Well, it has to do with the fact that some black holes within supersymmetric theories arises as BPS states of the theory, right? BPS states enjoy a lot of good properties. I am not sure if it applies to all supersymmetric black holes but let me give you an example which I have heard of.

In specific a Reissner-Nordström black hole which is a solution of the Einstein-Maxwell theory can be embedded in a $\mathcal{N}=2$ supegravity (not sure if it applies to any $d$) by adding some spinor-vector fields and taking the limit that they are 0. Now, this is indeed a supersymmetric solution since it possesses Killing spinors and by asking the variation $\delta_{\epsilon} \psi_{\mu \alpha}$ w.r.t. the supersymmetric parameter $\epsilon$ is zero you end up with half the supersymmetries being independent.

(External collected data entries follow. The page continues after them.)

(* Let $(X,d,\mu)$ be a space of homogeneous type, $1\leq r<\infty$, $q=2r-1$. If $u\in RH_{q}$ and $u^{r}\in A_{\infty}$, then for $s=1+\frac{1}{2\tau[u^{r}]_{A_{\infty}}}$, every cube $Q$ of a dyadic system and every measurable subset $E\subset Q$, $$\frac{u^{sr}(E)}{u^{sr}(c_{d}Q)}\lesssim[u]_{RH_{q}}^{q/4}\left(\frac{u(E)}{u(c_{d}Q)}\right)^{\frac{1}{4}}.$$
   Context: Space of homogeneous type: quasi-metric $d$, doubling Borel measure $\mu$. Dyadic system with parameters $c_0\le C_0$, $\delta$: cubes $Q=Q^k_j$ with $B(z^k_j,c_0\delta^k)\subset Q\subset B(z^k_j,C_0\delta^k)$; dilation $\alpha Q:=B(z^k_j,\alpha C_0\delta^k)$ for $\alpha\ge1$ (a ball). $w\in RH_q$ means $\big(\frac{w^q(B)}{\mu(B)}\big)^{1/q}\le[w]_{RH_q}\frac{w(c_dB)}{\mu(c_dB)}$ for all balls $B$, with $c_d\ge1$ a fixed constant depending on $X$. $[w]_{A_\infty}=\sup_B\frac1{w(B)}\int_BM(\chi_Bw)$. $\tau>0$ is the constant (depending on $X$) of the sharp reverse Hölder inequality: if $w\in A_\infty$ and $1\le t\le1+\frac1{\tau[w]_{A_\infty}}$ then $\big(\frac{w^t(B)}{\mu(B)}\big)^{1/t}\le c\frac{w(c_dB)}{\mu(c_dB)}$. Implicit constants depend only on $X$ and the dyadic system. *)

theory Defs
  imports "HOL-Analysis.Analysis"
begin

definition qball :: "('a \<Rightarrow> 'a \<Rightarrow> real) \<Rightarrow> 'a \<Rightarrow> real \<Rightarrow> 'a set" where
  "qball d x \<rho> = {y. d x y < \<rho>}"

definition quasi_metric :: "('a \<Rightarrow> 'a \<Rightarrow> real) \<Rightarrow> real \<Rightarrow> bool" where
  "quasi_metric d A0 \<longleftrightarrow> 1 \<le> A0 \<and> (\<forall>x y. 0 \<le> d x y) \<and> (\<forall>x y. d x y = 0 \<longleftrightarrow> x = y)
     \<and> (\<forall>x y. d x y = d y x) \<and> (\<forall>x y z. d x z \<le> A0 * (d x y + d y z))"

definition homogeneous_space :: "'a measure \<Rightarrow> ('a \<Rightarrow> 'a \<Rightarrow> real) \<Rightarrow> real \<Rightarrow> real \<Rightarrow> bool" where
  "homogeneous_space \<mu> d A0 Cdb \<longleftrightarrow> quasi_metric d A0 \<and> space \<mu> = UNIV
     \<and> (\<forall>U. (\<forall>x\<in>U. \<exists>\<rho>>0. qball d x \<rho> \<subseteq> U) \<longrightarrow> U \<in> sets \<mu>)
     \<and> (\<forall>x \<rho>. qball d x \<rho> \<in> sets \<mu>)
     \<and> (\<forall>x \<rho>. 0 < \<rho> \<longrightarrow> 0 < emeasure \<mu> (qball d x \<rho>) \<and> emeasure \<mu> (qball d x \<rho>) < \<infinity>)
     \<and> (\<forall>x \<rho>. 0 < \<rho> \<longrightarrow> emeasure \<mu> (qball d x (2 * \<rho>)) \<le> ennreal Cdb * emeasure \<mu> (qball d x \<rho>))"

definition weight :: "'a measure \<Rightarrow> ('a \<Rightarrow> 'a \<Rightarrow> real) \<Rightarrow> ('a \<Rightarrow> real) \<Rightarrow> bool" where
  "weight \<mu> d w \<longleftrightarrow> w \<in> borel_measurable \<mu> \<and> (\<forall>x. 0 \<le> w x)
     \<and> (\<forall>x \<rho>. set_integrable \<mu> (qball d x \<rho>) w)"

definition wm :: "'a measure \<Rightarrow> ('a \<Rightarrow> real) \<Rightarrow> 'a set \<Rightarrow> real" where
  "wm \<mu> w E = set_lebesgue_integral \<mu> E w"

definition RH_holds :: "'a measure \<Rightarrow> ('a \<Rightarrow> 'a \<Rightarrow> real) \<Rightarrow> real \<Rightarrow> real \<Rightarrow> ('a \<Rightarrow> real) \<Rightarrow> real \<Rightarrow> bool" where
  "RH_holds \<mu> d cd q w C \<longleftrightarrow> (\<forall>x \<rho>. 0 < \<rho> \<longrightarrow>
      set_integrable \<mu> (qball d x \<rho>) (\<lambda>y. w y powr q) \<and>
      (wm \<mu> (\<lambda>y. w y powr q) (qball d x \<rho>) / measure \<mu> (qball d x \<rho>)) powr (1 / q)
        \<le> C * (wm \<mu> w (qball d x (cd * \<rho>)) / measure \<mu> (qball d x (cd * \<rho>))))"

definition in_RH :: "'a measure \<Rightarrow> ('a \<Rightarrow> 'a \<Rightarrow> real) \<Rightarrow> real \<Rightarrow> real \<Rightarrow> ('a \<Rightarrow> real) \<Rightarrow> bool" where
  "in_RH \<mu> d cd q w \<longleftrightarrow> weight \<mu> d w \<and> (\<exists>C. RH_holds \<mu> d cd q w C)"

definition RH_const :: "'a measure \<Rightarrow> ('a \<Rightarrow> 'a \<Rightarrow> real) \<Rightarrow> real \<Rightarrow> real \<Rightarrow> ('a \<Rightarrow> real) \<Rightarrow> real" where
  "RH_const \<mu> d cd q w = Inf {C. 0 \<le> C \<and> RH_holds \<mu> d cd q w C}"

definition maxf :: "'a measure \<Rightarrow> ('a \<Rightarrow> 'a \<Rightarrow> real) \<Rightarrow> ('a \<Rightarrow> real) \<Rightarrow> 'a \<Rightarrow> ennreal" where
  "maxf \<mu> d f x = (SUP p \<in> {(y, \<rho>). 0 < \<rho> \<and> x \<in> qball d y \<rho>}.
      (\<integral>\<^sup>+ z\<in>qball d (fst p) (snd p). ennreal \<bar>f z\<bar> \<partial>\<mu>) / emeasure \<mu> (qball d (fst p) (snd p)))"

text \<open>[w]_{A_\<infinity>} = sup_B (1/w(B)) int_B M(chi_B w) (Fujii--Wilson constant).\<close>
definition Ainf_const_enn :: "'a measure \<Rightarrow> ('a \<Rightarrow> 'a \<Rightarrow> real) \<Rightarrow> ('a \<Rightarrow> real) \<Rightarrow> ennreal" where
  "Ainf_const_enn \<mu> d w = (SUP p \<in> {(x, \<rho>). 0 < \<rho>}.
      (\<integral>\<^sup>+ y\<in>qball d (fst p) (snd p).
          maxf \<mu> d (\<lambda>z. indicator (qball d (fst p) (snd p)) z * w z) y \<partial>\<mu>)
      / ennreal (wm \<mu> w (qball d (fst p) (snd p))))"

definition in_Ainf :: "'a measure \<Rightarrow> ('a \<Rightarrow> 'a \<Rightarrow> real) \<Rightarrow> ('a \<Rightarrow> real) \<Rightarrow> bool" where
  "in_Ainf \<mu> d w \<longleftrightarrow> weight \<mu> d w \<and> Ainf_const_enn \<mu> d w < \<infinity>"

definition Ainf_const :: "'a measure \<Rightarrow> ('a \<Rightarrow> 'a \<Rightarrow> real) \<Rightarrow> ('a \<Rightarrow> real) \<Rightarrow> real" where
  "Ainf_const \<mu> d w = enn2real (Ainf_const_enn \<mu> d w)"

definition sharp_RHI :: "'a measure \<Rightarrow> ('a \<Rightarrow> 'a \<Rightarrow> real) \<Rightarrow> real \<Rightarrow> real \<Rightarrow> real \<Rightarrow> bool" where
  "sharp_RHI \<mu> d cd \<tau> c \<longleftrightarrow> 0 < \<tau> \<and> (\<forall>w t. in_Ainf \<mu> d w \<longrightarrow> 1 \<le> t \<longrightarrow>
      t \<le> 1 + 1 / (\<tau> * Ainf_const \<mu> d w) \<longrightarrow> RH_holds \<mu> d cd t w c)"

text \<open>Dyadic system (Hytonen--Kairema): cubes D k j, j \<in> J k, with centres z k j.\<close>
definition dyadic_system :: "'a measure \<Rightarrow> ('a \<Rightarrow> 'a \<Rightarrow> real) \<Rightarrow> real \<Rightarrow> real \<Rightarrow> real
    \<Rightarrow> (int \<Rightarrow> 'i set) \<Rightarrow> (int \<Rightarrow> 'i \<Rightarrow> 'a set) \<Rightarrow> (int \<Rightarrow> 'i \<Rightarrow> 'a) \<Rightarrow> bool" where
  "dyadic_system \<mu> d \<delta> c0 C0 J D z \<longleftrightarrow> 0 < \<delta> \<and> \<delta> < 1 \<and> 0 < c0 \<and> c0 \<le> C0
     \<and> (\<forall>k. \<forall>j\<in>J k. D k j \<in> sets \<mu>)
     \<and> (\<forall>k. \<Union> (D k ` J k) = UNIV)
     \<and> (\<forall>k. \<forall>i\<in>J k. \<forall>j\<in>J k. i \<noteq> j \<longrightarrow> D k i \<inter> D k j = {})
     \<and> (\<forall>k l. k \<le> l \<longrightarrow> (\<forall>i\<in>J k. \<forall>j\<in>J l. D l j \<subseteq> D k i \<or> D k i \<inter> D l j = {}))
     \<and> (\<forall>k. \<forall>j\<in>J k. qball d (z k j) (c0 * \<delta> powr (real_of_int k)) \<subseteq> D k j
                     \<and> D k j \<subseteq> qball d (z k j) (C0 * \<delta> powr (real_of_int k)))"

end

theory Submission
  imports Defs
begin

(* Write w = u^r, t = 2s - 1 and q = 2r - 1. The choice of s makes t the largest exponent allowed
   in the sharp reverse Hoelder inequality for w, while q is the reverse Hoelder exponent of u.
   Cauchy-Schwarz for w^s = w^(t/2) w^(1/2) and for w = u^(q/2) u^(1/2) gives
     w^s(E)^4 <= w^t(B)^2 u^q(B) u(E)
   for a ball B containing Q. The two reverse Hoelder inequalities bound w^t(B) and u^q(B) by averages
   of w and u over c_d B, and Jensen's inequality on c_d B (the u-average to the power r is at most the
   w-average, whose s-th power is at most the w^s-average) turns the right-hand side into a constant
   times w^s(c_d B)^4 u(E) / u(c_d B). That constant involves c^(2t), which stays bounded because
   [w]_{A_infty} >= 1 keeps t <= 1 + 1/tau. *)

lemma powr_power_nonneg:
  fixes x e :: real
  assumes "0 \<le> x" "n \<noteq> 0"
  shows "(x powr e) ^ n = x powr (real n * e)"
  using assms by (cases "x = 0") (simp_all add: powr_power)

lemma power2_powr_eq:
  fixes y s :: real
  assumes "0 \<le> y"
  shows "(y powr s)\<^sup>2 = y powr (2 * s - 1) * y"
proof -
  have "(y powr s)\<^sup>2 = y powr ((2 * s - 1) + 1)"
    using assms by (simp add: powr_power_nonneg)
  also have "\<dots> = y powr (2 * s - 1) * y"
    using assms by (simp only: powr_add powr_one)
  finally show ?thesis .
qed

lemma le_mult_powr_if_root_le:
  fixes a m p y :: real
  assumes "0 \<le> a" "0 < m" "0 < p" "(a / m) powr (1 / p) \<le> y"
  shows "a \<le> m * y powr p"
proof -
  have "a / m = ((a / m) powr (1 / p)) powr p"
    using assms by (simp add: powr_powr)
  also have "\<dots> \<le> y powr p"
    using assms by (intro powr_mono2) auto
  finally show ?thesis
    using \<open>0 < m\<close> by (simp add: pos_divide_le_eq mult.commute)
qed

lemma powr_le_max_one_powr:
  fixes c a b :: real
  assumes "0 \<le> c" "0 \<le> a" "a \<le> b"
  shows "c powr a \<le> max 1 c powr b"
proof -
  have "c powr a \<le> max 1 c powr a"
    using assms by (intro powr_mono2) auto
  also have "\<dots> \<le> max 1 c powr b"
    using assms by (intro powr_mono) auto
  finally show ?thesis .
qed

lemma powr_ge_tangent:
  fixes x m p :: real
  assumes "0 \<le> x" "0 < m" "1 \<le> p"
  shows "m powr p + p * m powr (p - 1) * (x - m) \<le> x powr p"
proof (cases "x = 0")
  case True
  have "m powr (p - 1) * m = m powr p"
    using \<open>0 < m\<close> by (simp add: powr_diff)
  then show ?thesis
    using True \<open>1 \<le> p\<close> \<open>0 < m\<close> by (simp add: algebra_simps mult_le_cancel_right1)
next
  case False
  have "((\<lambda>y. y powr p) has_field_derivative p * m powr (p - 1)) (at m within {0<..})"
    using has_real_derivative_powr[OF \<open>0 < m\<close>] by (rule has_field_derivative_at_within)
  then have "p * m powr (p - 1) * (x - m) \<le> x powr p - m powr p"
    using convex_on_imp_above_tangent[OF powr_convex[OF \<open>1 \<le> p\<close>]] False assms
    by (simp add: interior_open)
  then show ?thesis by simp
qed

lemma power4_le_of_Cauchy_Schwarz_chain:
  fixes IE WE UE a b :: real
  assumes "IE\<^sup>2 \<le> a * WE" "WE\<^sup>2 \<le> b * UE"
  shows "IE ^ 4 \<le> a\<^sup>2 * b * UE"
proof -
  have "IE ^ 4 = (IE\<^sup>2)\<^sup>2" by simp
  also have "\<dots> \<le> a\<^sup>2 * WE\<^sup>2"
    using assms(1) by (metis power_mono power_mult_distrib zero_le_power2)
  also have "\<dots> \<le> a\<^sup>2 * (b * UE)"
    using assms(2) by (simp add: mult_left_mono)
  finally show ?thesis by (simp add: mult.assoc)
qed

lemma exponent_balance_bound:
  fixes \<alpha> \<beta> m m' r s :: real
  assumes "\<beta> powr r \<le> \<alpha>" "0 < \<beta>" "0 < m" "m \<le> m'"
  shows "m ^ 3 * (\<alpha> powr (2 * (2 * s - 1)) * \<beta> powr (2 * r - 1)) * (m' * \<beta>)
    \<le> (m' * \<alpha> powr s) ^ 4"
proof -
  have "0 < \<alpha>" using assms(1,2) by (smt (verit) powr_gt_zero)
  have "\<beta> powr (2 * r - 1) * \<beta> = \<beta> powr ((2 * r - 1) + 1)"
    using \<open>0 < \<beta>\<close> by (simp only: powr_add powr_one less_imp_le)
  also have "\<dots> = (\<beta> powr r)\<^sup>2"
    using \<open>0 < \<beta>\<close> by (simp add: powr_power_nonneg)
  also have "\<dots> \<le> \<alpha>\<^sup>2"
    using assms(1,2) by (intro power_mono) auto
  finally have "\<alpha> powr (2 * (2 * s - 1)) * (\<beta> powr (2 * r - 1) * \<beta>)
      \<le> \<alpha> powr (2 * (2 * s - 1)) * \<alpha>\<^sup>2"
    by (simp add: mult_left_mono)
  also have "\<dots> = \<alpha> powr (2 * (2 * s - 1)) * \<alpha> powr 2"
    using \<open>0 < \<alpha>\<close> by simp
  also have "\<dots> = \<alpha> powr (4 * s)"
    unfolding powr_add[symmetric] by simp
  finally have "m ^ 3 * m' * (\<alpha> powr (2 * (2 * s - 1)) * (\<beta> powr (2 * r - 1) * \<beta>))
      \<le> m' ^ 3 * m' * \<alpha> powr (4 * s)"
    using assms(2-4) by (intro mult_mono power_mono) auto
  then show ?thesis
    using \<open>0 < \<alpha>\<close>
    by (simp add: mult_ac power_mult_distrib powr_power_nonneg power_Suc2 flip: power_Suc)
qed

Ok (things are a bit more messy but not dramatic), then only four Killing spinors are left, half of the total number, and these four transformations which do not act trivially correspond to four fermionic collective modes. Thus our black-hole is part of the $\mathcal{N}=2$ supergravity hypermultiplet which contains a supercharge $Z$ (seriously, think about it as a $\mathcal{N}=2$ susy), and this can be expressed as

$$Z = p-iq$$

where $p,q$ are the electric and magnetic charges of the theory. Now the Reissner-Nordström black hole mass is given by $M_{RN} = (q+p)^{1/2} = |Z|$. Thus we can say that this black hole solution is invariant under half the supersymmetries, it is a BPS state because of the BPS bound on its mass and lives in a short-multiplet thus it is a protected state and absolutely stable.

I hope that this gives you a clear indication that BPS black holes are stable and if susy is broken they can lose this stability. You can find nice information in Ortin's book.